Крестьянин взял монету из рук Оливера, взвесил ее на ладони и жадно посмотрел на вторую, которую достал из-под повязки чужестранец. Оливер снова крутил в пальцах золотой, соблазняя им крестьянина.
– Еще один золотой! – облизнув сухие губы, проговорил крестьянин.
– Жадность – большой грех, мой дорогой, – нравоучительно проговорил Оливер улыбнувшись.
– Однако, у меня есть, что предложить за него – ответил крестьянин.
– Скажи, что ты готов предложить, и, возможно, нас это заинтересует, и я соглашусь попрощаться с еще одним золотым.
– Я готов предложить своё молчание.
– Хм… Это справедливо, – кивнул Оливер. – И, знаешь, что? Я добавлю еще один, если ты раздобудешь для нас пару кувшинов псусы.
– Псусы здесь не достать, – шляпа селянина закачалась в отрицании, – могу раздобыть аграсы.
– Это даже лучше!
– Но, завтра.
– Договорились!
– Идем! – крестьянин легко закинул на плечо свою мотыгу и бодро зашагал в сторону домика в конце поля. Оливер и Льенар направились за ним.
– Как тебя зовут, добрый человек? – спросил Оливер крестьянина.
– Авак, – бросил через плечо крестьянин и укоряя потребовал, – не топчи грядки!
– Авак! – Оливер, усмехнувшись, указал Льенару пальцем на спину, идущего впереди поселянина. – Иногда, мне кажется, что у этих кхали совсем нет фантазии. Я знаю тысяч десять людей с этим именем. Десять тысяч! Не меньше!
– Чего про меня говоришь на своей тарабарщине? – насторожился Авак. – Пакость замышляете?
– Нет, дорогой! Говорю этому тетеру, что у тебя прекрасное имя, что оно означает «добрая вода». Правильно?
– Правильно.
– Скажи, Авак, а твоя жена вкусно готовит? Гаркам может состряпать? Аграсу лучше под гаркам.
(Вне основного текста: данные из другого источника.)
definition rooted_binary_tree ::
  "'a set \<Rightarrow> 'a \<Rightarrow> ('a \<Rightarrow> 'a option) \<Rightarrow> ('a \<Rightarrow> 'a option) \<Rightarrow> bool" where
  "rooted_binary_tree N r lc rc \<longleftrightarrow>
     finite N \<and> r \<in> N \<and>
     (\<forall>u v. child lc rc u v \<longrightarrow> u \<in> N \<and> v \<in> N) \<and>
     (\<forall>u v. lc u = Some v \<longrightarrow> rc u \<noteq> Some v) \<and>
     (\<forall>u. \<not> child lc rc u r) \<and>
     (\<forall>u u' v. child lc rc u v \<and> child lc rc u' v \<longrightarrow> u = u') \<and>
     (\<forall>v \<in> N. ancestor lc rc r v)"

definition leaves :: "'a set \<Rightarrow> ('a \<Rightarrow> 'a option) \<Rightarrow> ('a \<Rightarrow> 'a option) \<Rightarrow> 'a set" where
  "leaves N lc rc = {v \<in> N. lc v = None \<and> rc v = None}"

definition down_path :: "('a \<Rightarrow> 'a option) \<Rightarrow> ('a \<Rightarrow> 'a option) \<Rightarrow> 'a list \<Rightarrow> 'a \<Rightarrow> 'a \<Rightarrow> bool" where
  "down_path lc rc ps u v \<longleftrightarrow> ps \<noteq> [] \<and> hd ps = u \<and> last ps = v \<and>
     (\<forall>i. Suc i < length ps \<longrightarrow> child lc rc (ps ! i) (ps ! Suc i))"

definition betap :: "('a set \<Rightarrow> 'q \<Rightarrow> 'q) \<Rightarrow> 'a \<Rightarrow> 'a \<Rightarrow> 'q \<Rightarrow> 'q" where
  "betap \<beta> u v = (if u = v then id else \<beta> {u, v})"

definition nlc_decomposition ::
  "'a set \<Rightarrow> ('a \<Rightarrow> 'a \<Rightarrow> bool) \<Rightarrow> 'a set \<Rightarrow> 'a \<Rightarrow> ('a \<Rightarrow> 'a option) \<Rightarrow> ('a \<Rightarrow> 'a option)
    \<Rightarrow> 'q set \<Rightarrow> ('a \<Rightarrow> 'q) \<Rightarrow> ('a set \<Rightarrow> 'q \<Rightarrow> 'q) \<Rightarrow> ('a \<Rightarrow> ('q \<times> 'q) set) \<Rightarrow> bool" where
  "nlc_decomposition V E N r lc rc Q \<alpha> \<beta> R \<longleftrightarrow>
     rooted_binary_tree N r lc rc \<and> leaves N lc rc = V \<and>
     finite Q \<and> \<alpha> ` V \<subseteq> Q \<and>
     (\<forall>u \<in> N. \<forall>v \<in> N. u \<noteq> v \<longrightarrow> \<beta> {u, v} ` Q \<subseteq> Q) \<and>
     (\<forall>u \<in> N. R u \<subseteq> Q \<times> Q) \<and>
     \<comment> \<open>(nlc1)\<close>
     (\<forall>u v ps. u \<noteq> v \<and> down_path lc rc ps u v \<longrightarrow>
        (\<forall>q \<in> Q. foldr (\<circ>) (map (\<lambda>i. \<beta> {ps ! i, ps ! Suc i}) [0..<length ps - 1]) id q
                 = \<beta> {u, v} q)) \<and>
     \<comment> \<open>(nlc2)\<close>
     (\<forall>u a b x y. u \<in> N \<and> lc u = Some a \<and> rc u = Some b \<and> x \<in> V \<and> y \<in> V \<and>
        ancestor lc rc a x \<and> ancestor lc rc b y \<longrightarrow>
        (E x y \<longleftrightarrow> (betap \<beta> u x (\<alpha> x), betap \<beta> u y (\<alpha> y)) \<in> R u))"

text \<open>Node set of the component of a in T - ab (undirected tree edges).\<close>
definition tree_component ::
  "'a set \<Rightarrow> ('a \<Rightarrow> 'a option) \<Rightarrow> ('a \<Rightarrow> 'a option) \<Rightarrow> 'a \<Rightarrow> 'a \<Rightarrow> 'a set" where
  "tree_component N lc rc a b =
     {v \<in> N. (\<lambda>x z. (child lc rc x z \<or> child lc rc z x) \<and> {x, z} \<noteq> {a, b})\<^sup>*\<^sup>* a v}"

text \<open>(U q) for q in Q is a D-twin partition of C (parts may be empty).\<close>
definition twin_partition ::
  "('a \<Rightarrow> 'a \<Rightarrow> bool) \<Rightarrow> 'a set \<Rightarrow> 'a set \<Rightarrow> 'q set \<Rightarrow> ('q \<Rightarrow> 'a set) \<Rightarrow> bool" where
  "twin_partition E D C Q U \<longleftrightarrow>
     (\<Union>q \<in> Q. U q) = C \<and>
     (\<forall>q \<in> Q. \<forall>q' \<in> Q. q \<noteq> q' \<longrightarrow> U q \<inter> U q' = {}) \<and>
     (\<forall>q \<in> Q. \<forall>x \<in> U q. \<forall>z \<in> U q. \<forall>d \<in> D. E x d \<longleftrightarrow> E z d)"

end

theory Submission
  imports Defs
begin

text \<open>
  A vertex x of C and a vertex d of D branch apart at a proper ancestor w of y: x lies below
  the child of w on the side of y, d below the other child. By (nlc2) the adjacency of x and d
  is decided by the label \<open>\<beta>({w,x})(\<alpha>(x))\<close>, and by (nlc1) this label equals
  \<open>\<beta>({w,y})\<close> applied to \<open>\<beta>({y,x})(\<alpha>(x))\<close>, i.e. to the index of the part containing x.
  Hence vertices of C in the same part have the same neighbours in D.
\<close>

lemma rooted_binary_tree_child_in_nodes:
  assumes "rooted_binary_tree N r lc rc" "child lc rc u v"
  shows "u \<in> N" "v \<in> N"
  using assms unfolding rooted_binary_tree_def by blast+

lemma rooted_binary_tree_parent_unique:
  assumes "rooted_binary_tree N r lc rc" "child lc rc u v" "child lc rc u' v"
  shows "u = u'"
  using assms unfolding rooted_binary_tree_def by blast

lemma rooted_binary_tree_acyclic:
  assumes T: "rooted_binary_tree N r lc rc"
  shows "\<not> (child lc rc)\<^sup>+\<^sup>+ v v"
proof
  assume cycle: "(child lc rc)\<^sup>+\<^sup>+ v v"
  have no_cycle_below_root: "\<not> (child lc rc)\<^sup>+\<^sup>+ w w" if "(child lc rc)\<^sup>*\<^sup>* r w" for w
    using that
  proof (induction rule: rtranclp_induct)
    case base
    show ?case
      using T unfolding rooted_binary_tree_def by (metis tranclp.cases)
  next
    case (step w w')
    show ?case
    proof
      assume "(child lc rc)\<^sup>+\<^sup>+ w' w'"
      then obtain w'' where "(child lc rc)\<^sup>*\<^sup>* w' w''" "child lc rc w'' w'"
        by (metis tranclp.cases tranclp_into_rtranclp rtranclp.rtrancl_refl)
      moreover have "w'' = w"
        using rooted_binary_tree_parent_unique[OF T \<open>child lc rc w'' w'\<close> step(2)] .
      ultimately have "(child lc rc)\<^sup>+\<^sup>+ w w"
        using step(2) by (meson rtranclp_into_tranclp2)
      with step(3) show False ..
    qed
  qed
  from cycle obtain u where "child lc rc u v"
    by (metis tranclp.cases)
  then have "v \<in> N"
    using rooted_binary_tree_child_in_nodes[OF T] by blast
  then have "(child lc rc)\<^sup>*\<^sup>* r v"
    using T unfolding rooted_binary_tree_def ancestor_def by blast
  with cycle no_cycle_below_root show False by blast
qed

lemma ancestor_trans:
  "ancestor lc rc u v \<Longrightarrow> ancestor lc rc v w \<Longrightarrow> ancestor lc rc u w"
  unfolding ancestor_def by simp

lemma ancestor_if_child: "child lc rc u v \<Longrightarrow> ancestor lc rc u v"
  unfolding ancestor_def by simp

lemma ancestor_last_step:
  assumes "ancestor lc rc a v" "a \<noteq> v"
  obtains w where "ancestor lc rc a w" "child lc rc w v"
  using assms unfolding ancestor_def by (metis rtranclp.cases)

lemma rooted_binary_tree_ancestor_antisym:
  assumes "rooted_binary_tree N r lc rc" "ancestor lc rc u v" "ancestor lc rc v u"
  shows "u = v"
proof (rule ccontr)
  assume "u \<noteq> v"
  with assms(2) obtain w where "ancestor lc rc u w" "child lc rc w v"
    by (rule ancestor_last_step)
  then have "(child lc rc)\<^sup>+\<^sup>+ v v"
    using assms(3) unfolding ancestor_def
    by (meson rtranclp_into_tranclp1 rtranclp_into_tranclp2 rtranclp_trans)
  with rooted_binary_tree_acyclic[OF assms(1)] show False by blast
qed

lemma rooted_binary_tree_proper_ancestor_in_nodes:
  assumes "rooted_binary_tree N r lc rc" "ancestor lc rc u v" "u \<noteq> v"
  shows "v \<in> N"
  using assms by (metis ancestor_last_step rooted_binary_tree_child_in_nodes(2))

lemma tree_component_child_descendant:
  assumes T: "rooted_binary_tree N r lc rc" and py: "child lc rc p y"
    and "v \<in> tree_component N lc rc y p"
  shows "ancestor lc rc y v"
proof -
  have "(\<lambda>x z. (child lc rc x z \<or> child lc rc z x) \<and> {x, z} \<noteq> {y, p})\<^sup>*\<^sup>* y v"
    using assms(3) unfolding tree_component_def by blast
  then show ?thesis
  proof (induction rule: rtranclp_induct)
    case base
    show ?case unfolding ancestor_def by simp
  next
    case (step v w)
    from step(2) have "child lc rc v w \<or> child lc rc w v" and edge: "{v, w} \<noteq> {y, p}"
      by auto
    from this(1) show ?case
    proof
      assume "child lc rc v w"
      with step(3) show ?thesis
        by (meson ancestor_if_child ancestor_trans)
    next
      assume wv: "child lc rc w v"
      have "y \<noteq> v"
        using rooted_binary_tree_parent_unique[OF T wv] py edge by auto
      with step(3) obtain w' where "ancestor lc rc y w'" "child lc rc w' v"
        by (rule ancestor_last_step)
      with rooted_binary_tree_parent_unique[OF T wv] show ?thesis
        by blast
    qed
  qed
qed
– У меня нет жены, – ответил Авак, не поднимая глаз. – Я сам неплохо готовлю. Будет вам и гаркам, и аграса, и мясо могу достать.
– Ого! – оживился Оливер. – Какое? Учти, если это зайчатина, или эти ваши костлявые и жилистые тушканчики, то не стоит даже беспокоиться, обойдемся без этой дряни.
– Нет, – Авак оскорбился, но не подал виду. – Баранина, козлятина, косуля…
– Вот это – другой разговор! – обрадовался Оливер. – Откуда такое разнообразие? Охотники знакомые есть что ли?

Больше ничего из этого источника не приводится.